■ Task to complete
The complete set of records below must be repeated precisely as given.

::::

(* Let $v=v_1\cdots v_n$ be a word of distinct positive integers avoiding $31425,32415,31524,32514$, with positions of left-to-right maxima $a_1<\dots<a_h$ and of right-to-left maxima $b_1<\dots<b_g$ ($a_h=b_1$). Assume $g>1$, $a_h>h$, $h>2$ and $v_{a_{h-1}}>v_{b_2}$. Let $x=\max(\{j:1\le j<a_{h-1},\ v_j>v_{j+1}\}\cup\{0\})$. Then one of the following holds: (B-1) $x=0$; (B-2) $x\ne0$ and $a_h=a_{h-1}+1$; moreover, if $v_{b_2}>v_x$ then $v_x<v_j<v_{b_2}$ for all $a_h<j<b_2$; (B-3) $x\ne 0$, $a_h>a_{h-1}+1$, and $v_x<v_j<v_{a_{h-1}}$ for all $a_{h-1}<j<a_h$; moreover, if $v_{b_2}>v_x$ then $v_x<v_j<v_{b_2}$ for all $a_h<j<b_2$.
   Context: A word of distinct positive integers avoids a pattern $P$ (a permutation of $[m]$) if no subsequence of length $m$ is order-isomorphic to $P$. A left-to-right (resp. right-to-left) maximum of $v$ is a letter $v_i$ greater than all letters to its left (resp. right). *)

theory Defs
  imports Main
begin

text \<open>Words are lists of natural numbers; positions are 1-based: letter i of v is v_i.\<close>

definition letter :: "nat list \<Rightarrow> nat \<Rightarrow> nat" where
  "letter v i = v ! (i - 1)"

definition contains_pattern :: "nat list \<Rightarrow> nat list \<Rightarrow> bool" where
  "contains_pattern P w \<longleftrightarrow>
     (\<exists>idx. length idx = length P \<and> sorted_wrt (<) idx \<and> (\<forall>i\<in>set idx. i < length w) \<and>
        (\<forall>k < length P. \<forall>l < length P. (w ! (idx ! k) < w ! (idx ! l)) \<longleftrightarrow> (P ! k < P ! l)))"

definition avoids :: "nat list \<Rightarrow> nat list \<Rightarrow> bool" where
  "avoids w P \<longleftrightarrow> \<not> contains_pattern P w"

definition ltr_max_pos :: "nat list \<Rightarrow> nat list" where
  "ltr_max_pos v = sorted_list_of_set
     {i. 1 \<le> i \<and> i \<le> length v \<and> (\<forall>j. 1 \<le> j \<and> j < i \<longrightarrow> letter v j < letter v i)}"

definition rtl_max_pos :: "nat list \<Rightarrow> nat list" where
  "rtl_max_pos v = sorted_list_of_set
     {i. 1 \<le> i \<and> i \<le> length v \<and> (\<forall>j. i < j \<and> j \<le> length v \<longrightarrow> letter v j < letter v i)}"

end

theory Submission
  imports Defs
begin

text \<open>Let p < q be the positions of the last two left-to-right maxima and r that of the second
right-to-left maximum; q carries the largest letter. Every letter strictly between p and q is below
v_p, and every letter strictly between q and r is below v_r < v_q. If x < p is a descent,
v_x > v_{x+1}, then v_x < v_p. A letter v_j < v_x in either gap would make the positions
x < x+1 < (left end of the gap) < j < (right end) realise 3, {1,2}, {4,5}, {1,2}, {4,5} in this
order, which is one of the four forbidden patterns.\<close>

lemma sorted_wrt_less_not_between_nth_Suc:
  fixes xs :: "'a::linorder list"
  assumes "sorted_wrt (<) xs" "Suc i < length xs" "xs ! i < m" "m < xs ! Suc i"
  shows "m \<notin> set xs"
proof
  assume "m \<in> set xs"
  then obtain k where k: "k < length xs" "xs ! k = m" by (auto simp: in_set_conv_nth)
  have "sorted xs" using assms(1) by (rule strict_sorted_imp_sorted)
  then have "k \<le> i \<Longrightarrow> m \<le> xs ! i" "Suc i \<le> k \<Longrightarrow> xs ! Suc i \<le> m"
    using assms(2) k by (auto dest: sorted_nth_mono)
  then show False using assms(3,4) by (cases "k \<le> i") auto
qed

lemma sorted_wrt_less_le_last:
  fixes xs :: "'a::linorder list"
  assumes "sorted_wrt (<) xs" "m \<in> set xs"
  shows "m \<le> last xs"
proof -
  obtain k where k: "k < length xs" "xs ! k = m" using assms(2) by (auto simp: in_set_conv_nth)
  then have "last xs = xs ! (length xs - 1)" using last_conv_nth[of xs] by force
  then show ?thesis
    using sorted_nth_mono[OF strict_sorted_imp_sorted[OF assms(1)], of k "length xs - 1"] k by simp
qed

lemma set_ltr_max_pos:
  "set (ltr_max_pos v) =
     {i. 1 \<le> i \<and> i \<le> length v \<and> (\<forall>j. 1 \<le> j \<and> j < i \<longrightarrow> letter v j < letter v i)}"
  unfolding ltr_max_pos_def
  by (rule set_sorted_list_of_set) (rule finite_subset[of _ "{..length v}"], auto)

lemma set_rtl_max_pos:
  "set (rtl_max_pos v) =
     {i. 1 \<le> i \<and> i \<le> length v \<and> (\<forall>j. i < j \<and> j \<le> length v \<longrightarrow> letter v j < letter v i)}"
  unfolding rtl_max_pos_def
  by (rule set_sorted_list_of_set) (rule finite_subset[of _ "{..length v}"], auto)

lemma sorted_ltr_max_pos: "sorted_wrt (<) (ltr_max_pos v)"
  unfolding ltr_max_pos_def by (rule strict_sorted_list_of_set)

lemma sorted_rtl_max_pos: "sorted_wrt (<) (rtl_max_pos v)"
  unfolding rtl_max_pos_def by (rule strict_sorted_list_of_set)

lemma letter_eq_iff:
  assumes "distinct v" "1 \<le> i" "i \<le> length v" "1 \<le> j" "j \<le> length v"
  shows "letter v i = letter v j \<longleftrightarrow> i = j"
  using assms by (auto simp: letter_def nth_eq_iff_index_eq)

lemma ltr_max_pos_dominates:
  assumes "1 \<le> i" "i \<le> length v"
  shows "\<exists>m\<in>set (ltr_max_pos v). m \<le> i \<and> letter v i \<le> letter v m"
  using assms
proof (induction i rule: less_induct)
  case (less i)
  show ?case
  proof (cases "i \<in> set (ltr_max_pos v)")
    case False
    then obtain j where j: "1 \<le> j" "j < i" "letter v i \<le> letter v j"
      using less.prems by (auto simp: set_ltr_max_pos not_less)
    with less.IH[of j] obtain m where "m \<in> set (ltr_max_pos v)" "m \<le> j" "letter v j \<le> letter v m"
      using less.prems by auto
    with j show ?thesis by (meson dual_order.trans less_imp_le)
  qed auto
qed

lemma rtl_max_pos_dominates:
  assumes "1 \<le> i" "i \<le> length v"
  shows "\<exists>m\<in>set (rtl_max_pos v). i \<le> m \<and> letter v i \<le> letter v m"
  using assms
proof (induction "length v - i" arbitrary: i rule: less_induct)
  case less
  show ?case
  proof (cases "i \<in> set (rtl_max_pos v)")
    case False
    then obtain j where j: "i < j" "j \<le> length v" "letter v i \<le> letter v j"
      using less.prems by (auto simp: set_rtl_max_pos not_less)
    moreover have "length v - j < length v - i" using j by linarith
    ultimately obtain m where "m \<in> set (rtl_max_pos v)" "j \<le> m" "letter v j \<le> letter v m"
      using less.hyps[of j] less.prems by auto
    with j show ?thesis by (meson dual_order.trans less_imp_le)
  qed auto
qed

::::

■ Answer
(* Let $v=v_1\cdots v_n$ be a word of distinct positive integers avoiding $31425,32415,31524,32514$, with positions of left-to-right maxima $a_1<\dots<a_h$ and of right-to-left maxima $b_1<\dots<b_g$ ($a_h=b_1$). Assume $g>1$, $a_h>h$, $h>2$ and $v_{a_{h-1}}>v_{b_2}$. Let $x=\max(\{j:1\le j<a_{h-1},\ v_j>v_{j+1}\}\cup\{0\})$. Then one of the following holds: (B-1) $x=0$; (B-2) $x\ne0$ and $a_h=a_{h-1}+1$; moreover, if $v_{b_2}>v_x$ then $v_x<v_j<v_{b_2}$ for all $a_h<j<b_2$; (B-3) $x\ne 0$, $a_h>a_{h-1}+1$, and $v_x<v_j<v_{a_{h-1}}$ for all $a_{h-1}<j<a_h$; moreover, if $v_{b_2}>v_x$ then $v_x<v_j<v_{b_2}$ for all $a_h<j<b_2$.
   Context: A word of distinct positive integers avoids a pattern $P$ (a permutation of $[m]$) if no subsequence of length $m$ is order-isomorphic to $P$. A left-to-right (resp. right-to-left) maximum of $v$ is a letter $v_i$ greater than all letters to its left (resp. right). *)

theory Defs
  imports Main
begin

text \<open>Words are lists of natural numbers; positions are 1-based: letter i of v is v_i.\<close>

definition letter :: "nat list \<Rightarrow> nat \<Rightarrow> nat" where
  "letter v i = v ! (i - 1)"

definition contains_pattern :: "nat list \<Rightarrow> nat list \<Rightarrow> bool" where
  "contains_pattern P w \<longleftrightarrow>
     (\<exists>idx. length idx = length P \<and> sorted_wrt (<) idx \<and> (\<forall>i\<in>set idx. i < length w) \<and>
        (\<forall>k < length P. \<forall>l < length P. (w ! (idx ! k) < w ! (idx ! l)) \<longleftrightarrow> (P ! k < P ! l)))"

definition avoids :: "nat list \<Rightarrow> nat list \<Rightarrow> bool" where
  "avoids w P \<longleftrightarrow> \<not> contains_pattern P w"

definition ltr_max_pos :: "nat list \<Rightarrow> nat list" where
  "ltr_max_pos v = sorted_list_of_set
     {i. 1 \<le> i \<and> i \<le> length v \<and> (\<forall>j. 1 \<le> j \<and> j < i \<longrightarrow> letter v j < letter v i)}"

definition rtl_max_pos :: "nat list \<Rightarrow> nat list" where
  "rtl_max_pos v = sorted_list_of_set
     {i. 1 \<le> i \<and> i \<le> length v \<and> (\<forall>j. i < j \<and> j \<le> length v \<longrightarrow> letter v j < letter v i)}"

end

theory Submission
  imports Defs
begin

text \<open>Let p < q be the positions of the last two left-to-right maxima and r that of the second
right-to-left maximum; q carries the largest letter. Every letter strictly between p and q is below
v_p, and every letter strictly between q and r is below v_r < v_q. If x < p is a descent,
v_x > v_{x+1}, then v_x < v_p. A letter v_j < v_x in either gap would make the positions
x < x+1 < (left end of the gap) < j < (right end) realise 3, {1,2}, {4,5}, {1,2}, {4,5} in this
order, which is one of the four forbidden patterns.\<close>

lemma sorted_wrt_less_not_between_nth_Suc:
  fixes xs :: "'a::linorder list"
  assumes "sorted_wrt (<) xs" "Suc i < length xs" "xs ! i < m" "m < xs ! Suc i"
  shows "m \<notin> set xs"
proof
  assume "m \<in> set xs"
  then obtain k where k: "k < length xs" "xs ! k = m" by (auto simp: in_set_conv_nth)
  have "sorted xs" using assms(1) by (rule strict_sorted_imp_sorted)
  then have "k \<le> i \<Longrightarrow> m \<le> xs ! i" "Suc i \<le> k \<Longrightarrow> xs ! Suc i \<le> m"
    using assms(2) k by (auto dest: sorted_nth_mono)
  then show False using assms(3,4) by (cases "k \<le> i") auto
qed

lemma sorted_wrt_less_le_last:
  fixes xs :: "'a::linorder list"
  assumes "sorted_wrt (<) xs" "m \<in> set xs"
  shows "m \<le> last xs"
proof -
  obtain k where k: "k < length xs" "xs ! k = m" using assms(2) by (auto simp: in_set_conv_nth)
  then have "last xs = xs ! (length xs - 1)" using last_conv_nth[of xs] by force
  then show ?thesis
    using sorted_nth_mono[OF strict_sorted_imp_sorted[OF assms(1)], of k "length xs - 1"] k by simp
qed

lemma set_ltr_max_pos:
  "set (ltr_max_pos v) =
     {i. 1 \<le> i \<and> i \<le> length v \<and> (\<forall>j. 1 \<le> j \<and> j < i \<longrightarrow> letter v j < letter v i)}"
  unfolding ltr_max_pos_def
  by (rule set_sorted_list_of_set) (rule finite_subset[of _ "{..length v}"], auto)

lemma set_rtl_max_pos:
  "set (rtl_max_pos v) =
     {i. 1 \<le> i \<and> i \<le> length v \<and> (\<forall>j. i < j \<and> j \<le> length v \<longrightarrow> letter v j < letter v i)}"
  unfolding rtl_max_pos_def
  by (rule set_sorted_list_of_set) (rule finite_subset[of _ "{..length v}"], auto)

lemma sorted_ltr_max_pos: "sorted_wrt (<) (ltr_max_pos v)"
  unfolding ltr_max_pos_def by (rule strict_sorted_list_of_set)

lemma sorted_rtl_max_pos: "sorted_wrt (<) (rtl_max_pos v)"
  unfolding rtl_max_pos_def by (rule strict_sorted_list_of_set)

lemma letter_eq_iff:
  assumes "distinct v" "1 \<le> i" "i \<le> length v" "1 \<le> j" "j \<le> length v"
  shows "letter v i = letter v j \<longleftrightarrow> i = j"
  using assms by (auto simp: letter_def nth_eq_iff_index_eq)

lemma ltr_max_pos_dominates:
  assumes "1 \<le> i" "i \<le> length v"
  shows "\<exists>m\<in>set (ltr_max_pos v). m \<le> i \<and> letter v i \<le> letter v m"
  using assms
proof (induction i rule: less_induct)
  case (less i)
  show ?case
  proof (cases "i \<in> set (ltr_max_pos v)")
    case False
    then obtain j where j: "1 \<le> j" "j < i" "letter v i \<le> letter v j"
      using less.prems by (auto simp: set_ltr_max_pos not_less)
    with less.IH[of j] obtain m where "m \<in> set (ltr_max_pos v)" "m \<le> j" "letter v j \<le> letter v m"
      using less.prems by auto
    with j show ?thesis by (meson dual_order.trans less_imp_le)
  qed auto
qed

lemma rtl_max_pos_dominates:
  assumes "1 \<le> i" "i \<le> length v"
  shows "\<exists>m\<in>set (rtl_max_pos v). i \<le> m \<and> letter v i \<le> letter v m"
  using assms
proof (induction "length v - i" arbitrary: i rule: less_induct)
  case less
  show ?case
  proof (cases "i \<in> set (rtl_max_pos v)")
    case False
    then obtain j where j: "i < j" "j \<le> length v" "letter v i \<le> letter v j"
      using less.prems by (auto simp: set_rtl_max_pos not_less)
    moreover have "length v - j < length v - i" using j by linarith
    ultimately obtain m where "m \<in> set (rtl_max_pos v)" "j \<le> m" "letter v j \<le> letter v m"
      using less.hyps[of j] less.prems by auto
    with j show ?thesis by (meson dual_order.trans less_imp_le)
  qed auto
qed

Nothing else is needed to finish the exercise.